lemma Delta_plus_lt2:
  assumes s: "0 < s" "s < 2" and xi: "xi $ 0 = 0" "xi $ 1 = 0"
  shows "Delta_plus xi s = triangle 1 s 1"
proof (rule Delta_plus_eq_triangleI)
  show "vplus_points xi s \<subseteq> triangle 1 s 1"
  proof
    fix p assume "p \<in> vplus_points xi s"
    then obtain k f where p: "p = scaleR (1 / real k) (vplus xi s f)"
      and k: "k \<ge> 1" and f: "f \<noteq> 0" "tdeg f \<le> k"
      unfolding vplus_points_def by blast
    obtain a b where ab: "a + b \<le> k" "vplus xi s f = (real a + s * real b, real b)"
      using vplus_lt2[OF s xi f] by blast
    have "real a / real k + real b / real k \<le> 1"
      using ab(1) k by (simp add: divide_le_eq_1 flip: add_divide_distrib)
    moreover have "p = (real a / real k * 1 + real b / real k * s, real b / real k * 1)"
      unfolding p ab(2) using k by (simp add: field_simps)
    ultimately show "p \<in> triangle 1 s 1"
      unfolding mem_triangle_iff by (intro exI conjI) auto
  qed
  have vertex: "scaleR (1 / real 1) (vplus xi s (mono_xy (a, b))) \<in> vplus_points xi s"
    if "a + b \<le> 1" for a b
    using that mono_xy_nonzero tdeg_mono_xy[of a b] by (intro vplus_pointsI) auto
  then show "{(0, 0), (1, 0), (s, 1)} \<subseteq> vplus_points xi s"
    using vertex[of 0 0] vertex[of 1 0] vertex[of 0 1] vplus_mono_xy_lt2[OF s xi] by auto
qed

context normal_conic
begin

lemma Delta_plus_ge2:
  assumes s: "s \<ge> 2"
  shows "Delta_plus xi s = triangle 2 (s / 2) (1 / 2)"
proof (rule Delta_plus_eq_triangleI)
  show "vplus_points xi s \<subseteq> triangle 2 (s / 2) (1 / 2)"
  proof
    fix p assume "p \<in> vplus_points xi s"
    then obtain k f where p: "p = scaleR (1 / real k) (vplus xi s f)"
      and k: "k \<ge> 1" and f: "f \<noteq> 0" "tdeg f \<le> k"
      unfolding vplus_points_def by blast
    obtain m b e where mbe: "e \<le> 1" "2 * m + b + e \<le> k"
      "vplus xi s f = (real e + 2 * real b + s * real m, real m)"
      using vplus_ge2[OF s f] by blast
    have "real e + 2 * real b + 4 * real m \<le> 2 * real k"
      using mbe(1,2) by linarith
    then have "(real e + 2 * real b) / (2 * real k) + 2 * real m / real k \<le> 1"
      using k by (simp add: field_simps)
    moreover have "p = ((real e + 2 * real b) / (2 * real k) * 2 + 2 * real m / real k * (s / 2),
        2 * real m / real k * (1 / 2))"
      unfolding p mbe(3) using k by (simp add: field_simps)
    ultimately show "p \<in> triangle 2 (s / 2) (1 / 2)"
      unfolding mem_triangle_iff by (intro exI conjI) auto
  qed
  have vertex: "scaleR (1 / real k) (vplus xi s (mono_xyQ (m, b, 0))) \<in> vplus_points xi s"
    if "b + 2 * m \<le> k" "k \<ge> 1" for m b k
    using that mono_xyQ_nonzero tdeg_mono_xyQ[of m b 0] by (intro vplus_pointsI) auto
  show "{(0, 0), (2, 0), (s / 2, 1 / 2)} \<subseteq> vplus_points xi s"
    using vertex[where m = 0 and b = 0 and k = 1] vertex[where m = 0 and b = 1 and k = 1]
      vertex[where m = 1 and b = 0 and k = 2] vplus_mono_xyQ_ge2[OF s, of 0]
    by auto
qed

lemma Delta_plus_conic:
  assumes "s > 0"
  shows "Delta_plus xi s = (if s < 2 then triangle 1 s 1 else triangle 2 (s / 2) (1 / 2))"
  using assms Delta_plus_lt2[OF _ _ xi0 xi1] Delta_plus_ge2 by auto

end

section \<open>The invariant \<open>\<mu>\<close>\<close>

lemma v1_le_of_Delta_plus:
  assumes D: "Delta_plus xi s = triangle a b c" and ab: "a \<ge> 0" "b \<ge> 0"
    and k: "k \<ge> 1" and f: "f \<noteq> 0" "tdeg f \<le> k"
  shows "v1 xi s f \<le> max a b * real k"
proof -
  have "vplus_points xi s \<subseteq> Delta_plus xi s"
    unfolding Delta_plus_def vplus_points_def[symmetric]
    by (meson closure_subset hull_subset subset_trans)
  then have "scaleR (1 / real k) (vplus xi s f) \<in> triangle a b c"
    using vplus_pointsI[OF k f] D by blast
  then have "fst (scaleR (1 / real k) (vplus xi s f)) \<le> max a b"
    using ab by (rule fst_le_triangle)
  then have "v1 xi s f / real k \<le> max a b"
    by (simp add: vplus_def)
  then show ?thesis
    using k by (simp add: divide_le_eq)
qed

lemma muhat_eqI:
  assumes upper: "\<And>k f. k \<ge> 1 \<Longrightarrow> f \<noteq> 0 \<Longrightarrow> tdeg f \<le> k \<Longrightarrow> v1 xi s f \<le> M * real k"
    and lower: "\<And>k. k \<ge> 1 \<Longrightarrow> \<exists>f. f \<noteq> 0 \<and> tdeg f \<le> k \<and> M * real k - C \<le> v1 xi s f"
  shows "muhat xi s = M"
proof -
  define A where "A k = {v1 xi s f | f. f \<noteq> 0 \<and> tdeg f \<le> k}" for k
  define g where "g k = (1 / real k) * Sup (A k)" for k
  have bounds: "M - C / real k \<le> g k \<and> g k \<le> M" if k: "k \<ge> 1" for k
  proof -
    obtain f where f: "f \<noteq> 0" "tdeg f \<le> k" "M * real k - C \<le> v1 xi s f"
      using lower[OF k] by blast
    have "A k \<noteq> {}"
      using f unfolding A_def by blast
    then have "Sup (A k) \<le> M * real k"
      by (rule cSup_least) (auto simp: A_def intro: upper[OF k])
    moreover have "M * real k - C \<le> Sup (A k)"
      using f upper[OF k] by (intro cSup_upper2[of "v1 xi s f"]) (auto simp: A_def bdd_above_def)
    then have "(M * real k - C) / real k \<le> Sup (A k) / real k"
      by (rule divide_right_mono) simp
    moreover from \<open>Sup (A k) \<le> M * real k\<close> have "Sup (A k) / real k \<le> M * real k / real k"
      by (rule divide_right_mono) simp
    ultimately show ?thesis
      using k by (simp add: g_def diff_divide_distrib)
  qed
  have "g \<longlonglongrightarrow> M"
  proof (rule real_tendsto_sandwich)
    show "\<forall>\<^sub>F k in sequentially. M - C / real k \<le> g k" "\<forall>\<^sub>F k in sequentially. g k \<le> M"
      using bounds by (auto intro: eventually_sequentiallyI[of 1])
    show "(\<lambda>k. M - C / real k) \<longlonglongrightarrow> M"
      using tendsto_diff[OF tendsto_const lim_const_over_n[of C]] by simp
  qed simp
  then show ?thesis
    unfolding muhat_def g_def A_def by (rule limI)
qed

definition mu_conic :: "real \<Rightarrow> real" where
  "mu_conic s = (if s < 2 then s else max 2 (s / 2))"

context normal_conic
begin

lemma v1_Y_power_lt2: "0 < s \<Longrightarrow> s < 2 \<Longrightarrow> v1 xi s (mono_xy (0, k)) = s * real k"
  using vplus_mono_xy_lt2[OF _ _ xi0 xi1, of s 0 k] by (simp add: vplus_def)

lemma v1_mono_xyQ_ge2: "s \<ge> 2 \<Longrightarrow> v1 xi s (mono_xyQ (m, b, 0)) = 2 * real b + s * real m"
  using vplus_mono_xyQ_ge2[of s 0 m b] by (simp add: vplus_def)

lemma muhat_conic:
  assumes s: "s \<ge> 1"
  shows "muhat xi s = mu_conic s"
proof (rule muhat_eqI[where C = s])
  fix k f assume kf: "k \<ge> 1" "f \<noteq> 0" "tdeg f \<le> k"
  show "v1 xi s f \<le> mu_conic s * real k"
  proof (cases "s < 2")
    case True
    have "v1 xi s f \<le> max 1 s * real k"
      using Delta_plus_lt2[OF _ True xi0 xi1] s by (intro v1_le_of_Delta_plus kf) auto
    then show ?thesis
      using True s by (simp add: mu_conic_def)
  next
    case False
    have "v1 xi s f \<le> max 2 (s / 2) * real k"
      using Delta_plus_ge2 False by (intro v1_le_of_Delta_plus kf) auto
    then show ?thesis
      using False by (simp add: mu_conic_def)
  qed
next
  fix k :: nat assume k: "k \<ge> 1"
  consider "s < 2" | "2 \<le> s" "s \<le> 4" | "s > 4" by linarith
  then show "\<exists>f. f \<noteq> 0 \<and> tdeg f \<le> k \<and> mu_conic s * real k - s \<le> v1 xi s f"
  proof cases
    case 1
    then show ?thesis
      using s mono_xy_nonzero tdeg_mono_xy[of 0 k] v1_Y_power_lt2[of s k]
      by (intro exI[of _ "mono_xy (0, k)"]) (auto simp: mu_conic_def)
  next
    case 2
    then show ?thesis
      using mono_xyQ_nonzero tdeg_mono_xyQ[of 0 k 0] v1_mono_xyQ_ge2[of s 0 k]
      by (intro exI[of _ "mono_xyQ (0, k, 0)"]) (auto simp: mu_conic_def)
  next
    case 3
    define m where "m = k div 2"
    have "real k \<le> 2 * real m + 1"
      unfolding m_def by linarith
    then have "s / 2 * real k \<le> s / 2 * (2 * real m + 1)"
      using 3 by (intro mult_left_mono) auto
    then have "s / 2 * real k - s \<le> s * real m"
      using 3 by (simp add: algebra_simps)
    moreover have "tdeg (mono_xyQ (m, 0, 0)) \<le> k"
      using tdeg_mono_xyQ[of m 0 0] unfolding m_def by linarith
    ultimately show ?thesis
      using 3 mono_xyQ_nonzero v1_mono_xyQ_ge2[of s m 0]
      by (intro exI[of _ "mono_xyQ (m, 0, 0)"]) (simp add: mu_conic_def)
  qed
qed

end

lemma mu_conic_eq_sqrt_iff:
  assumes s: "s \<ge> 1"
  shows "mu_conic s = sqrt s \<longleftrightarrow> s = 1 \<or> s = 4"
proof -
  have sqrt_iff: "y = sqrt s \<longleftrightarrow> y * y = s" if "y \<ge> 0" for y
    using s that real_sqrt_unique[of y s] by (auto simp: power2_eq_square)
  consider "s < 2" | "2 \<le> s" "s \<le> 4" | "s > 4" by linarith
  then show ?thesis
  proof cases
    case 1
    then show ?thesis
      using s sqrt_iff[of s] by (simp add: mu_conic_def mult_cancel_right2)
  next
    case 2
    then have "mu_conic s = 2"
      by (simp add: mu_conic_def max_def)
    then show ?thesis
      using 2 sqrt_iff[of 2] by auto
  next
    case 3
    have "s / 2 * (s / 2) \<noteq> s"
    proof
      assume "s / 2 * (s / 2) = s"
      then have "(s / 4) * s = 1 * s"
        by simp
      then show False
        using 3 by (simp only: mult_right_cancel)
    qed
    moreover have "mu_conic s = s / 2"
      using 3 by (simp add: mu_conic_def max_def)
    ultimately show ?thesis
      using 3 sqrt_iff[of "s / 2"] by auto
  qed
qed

* * *

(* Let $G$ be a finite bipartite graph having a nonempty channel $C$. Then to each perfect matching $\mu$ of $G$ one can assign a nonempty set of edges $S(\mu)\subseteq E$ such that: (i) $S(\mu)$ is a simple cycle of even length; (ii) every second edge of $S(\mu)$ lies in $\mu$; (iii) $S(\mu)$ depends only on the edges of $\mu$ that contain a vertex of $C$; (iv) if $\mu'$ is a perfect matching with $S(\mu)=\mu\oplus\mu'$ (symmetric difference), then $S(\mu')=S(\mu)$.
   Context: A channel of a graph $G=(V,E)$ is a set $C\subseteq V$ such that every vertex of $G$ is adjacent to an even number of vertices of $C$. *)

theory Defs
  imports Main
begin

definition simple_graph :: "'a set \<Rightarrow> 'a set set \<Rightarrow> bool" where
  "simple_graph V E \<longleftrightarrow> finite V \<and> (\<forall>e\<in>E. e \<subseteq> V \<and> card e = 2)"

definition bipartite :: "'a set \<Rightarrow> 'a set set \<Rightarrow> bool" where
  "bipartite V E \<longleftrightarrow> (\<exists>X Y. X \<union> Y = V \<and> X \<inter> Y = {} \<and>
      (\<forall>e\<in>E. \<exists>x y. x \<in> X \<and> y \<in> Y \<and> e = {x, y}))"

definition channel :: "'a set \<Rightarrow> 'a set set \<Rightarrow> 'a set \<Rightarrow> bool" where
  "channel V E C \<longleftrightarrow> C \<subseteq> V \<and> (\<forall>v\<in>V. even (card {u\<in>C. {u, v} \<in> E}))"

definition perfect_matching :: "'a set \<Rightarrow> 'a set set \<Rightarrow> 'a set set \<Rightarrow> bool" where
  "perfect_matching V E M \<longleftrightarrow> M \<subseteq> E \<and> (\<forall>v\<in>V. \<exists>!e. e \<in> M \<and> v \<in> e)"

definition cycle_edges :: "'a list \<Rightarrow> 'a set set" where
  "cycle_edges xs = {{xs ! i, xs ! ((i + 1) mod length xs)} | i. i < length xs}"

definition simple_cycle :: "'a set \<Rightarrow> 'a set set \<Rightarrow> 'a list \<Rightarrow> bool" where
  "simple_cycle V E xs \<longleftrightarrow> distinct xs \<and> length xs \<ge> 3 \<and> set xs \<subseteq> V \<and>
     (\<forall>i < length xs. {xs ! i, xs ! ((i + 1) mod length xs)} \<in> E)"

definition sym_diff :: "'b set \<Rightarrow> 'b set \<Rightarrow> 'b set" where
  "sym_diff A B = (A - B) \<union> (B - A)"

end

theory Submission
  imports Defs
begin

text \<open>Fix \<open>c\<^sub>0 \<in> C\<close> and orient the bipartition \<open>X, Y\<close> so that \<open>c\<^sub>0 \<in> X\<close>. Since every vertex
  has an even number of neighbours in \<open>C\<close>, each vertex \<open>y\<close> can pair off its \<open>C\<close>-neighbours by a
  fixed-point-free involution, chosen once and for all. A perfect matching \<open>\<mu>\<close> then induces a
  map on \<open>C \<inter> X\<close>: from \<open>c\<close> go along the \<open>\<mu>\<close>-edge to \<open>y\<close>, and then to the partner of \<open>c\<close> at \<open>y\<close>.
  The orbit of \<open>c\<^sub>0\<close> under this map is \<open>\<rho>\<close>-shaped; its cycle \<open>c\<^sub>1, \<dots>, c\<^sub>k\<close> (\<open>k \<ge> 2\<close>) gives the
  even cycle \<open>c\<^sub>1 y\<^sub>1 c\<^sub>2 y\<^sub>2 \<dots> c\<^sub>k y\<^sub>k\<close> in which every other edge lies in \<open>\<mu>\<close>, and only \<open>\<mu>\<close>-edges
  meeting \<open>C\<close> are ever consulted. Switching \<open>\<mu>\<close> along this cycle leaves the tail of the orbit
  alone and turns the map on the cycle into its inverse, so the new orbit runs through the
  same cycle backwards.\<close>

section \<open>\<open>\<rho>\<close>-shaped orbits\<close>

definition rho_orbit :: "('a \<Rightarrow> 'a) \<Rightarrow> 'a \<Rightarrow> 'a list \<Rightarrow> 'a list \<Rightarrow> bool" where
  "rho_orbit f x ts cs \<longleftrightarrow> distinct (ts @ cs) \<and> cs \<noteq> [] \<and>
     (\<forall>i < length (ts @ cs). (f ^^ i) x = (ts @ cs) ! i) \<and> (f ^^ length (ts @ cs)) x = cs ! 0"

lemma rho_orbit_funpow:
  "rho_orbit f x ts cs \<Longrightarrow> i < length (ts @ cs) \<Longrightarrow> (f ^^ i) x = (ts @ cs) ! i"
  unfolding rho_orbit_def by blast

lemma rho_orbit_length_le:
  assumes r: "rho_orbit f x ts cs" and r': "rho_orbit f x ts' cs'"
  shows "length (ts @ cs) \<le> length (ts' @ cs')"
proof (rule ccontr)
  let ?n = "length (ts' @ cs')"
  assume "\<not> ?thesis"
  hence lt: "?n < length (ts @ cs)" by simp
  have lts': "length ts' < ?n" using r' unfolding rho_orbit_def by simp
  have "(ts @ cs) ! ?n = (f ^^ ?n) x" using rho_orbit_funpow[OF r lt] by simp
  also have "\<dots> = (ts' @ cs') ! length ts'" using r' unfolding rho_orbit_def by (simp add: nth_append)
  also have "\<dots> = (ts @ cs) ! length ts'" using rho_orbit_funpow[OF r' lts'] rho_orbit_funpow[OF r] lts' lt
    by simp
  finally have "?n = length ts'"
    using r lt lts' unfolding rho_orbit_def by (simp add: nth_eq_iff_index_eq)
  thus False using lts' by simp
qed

▶ **EXERCISE DIRECTIONS**:
What is the number of lines in the records that hold the word "definition"? Answer with that number only.

▶ **TASK RESPONSE**:
9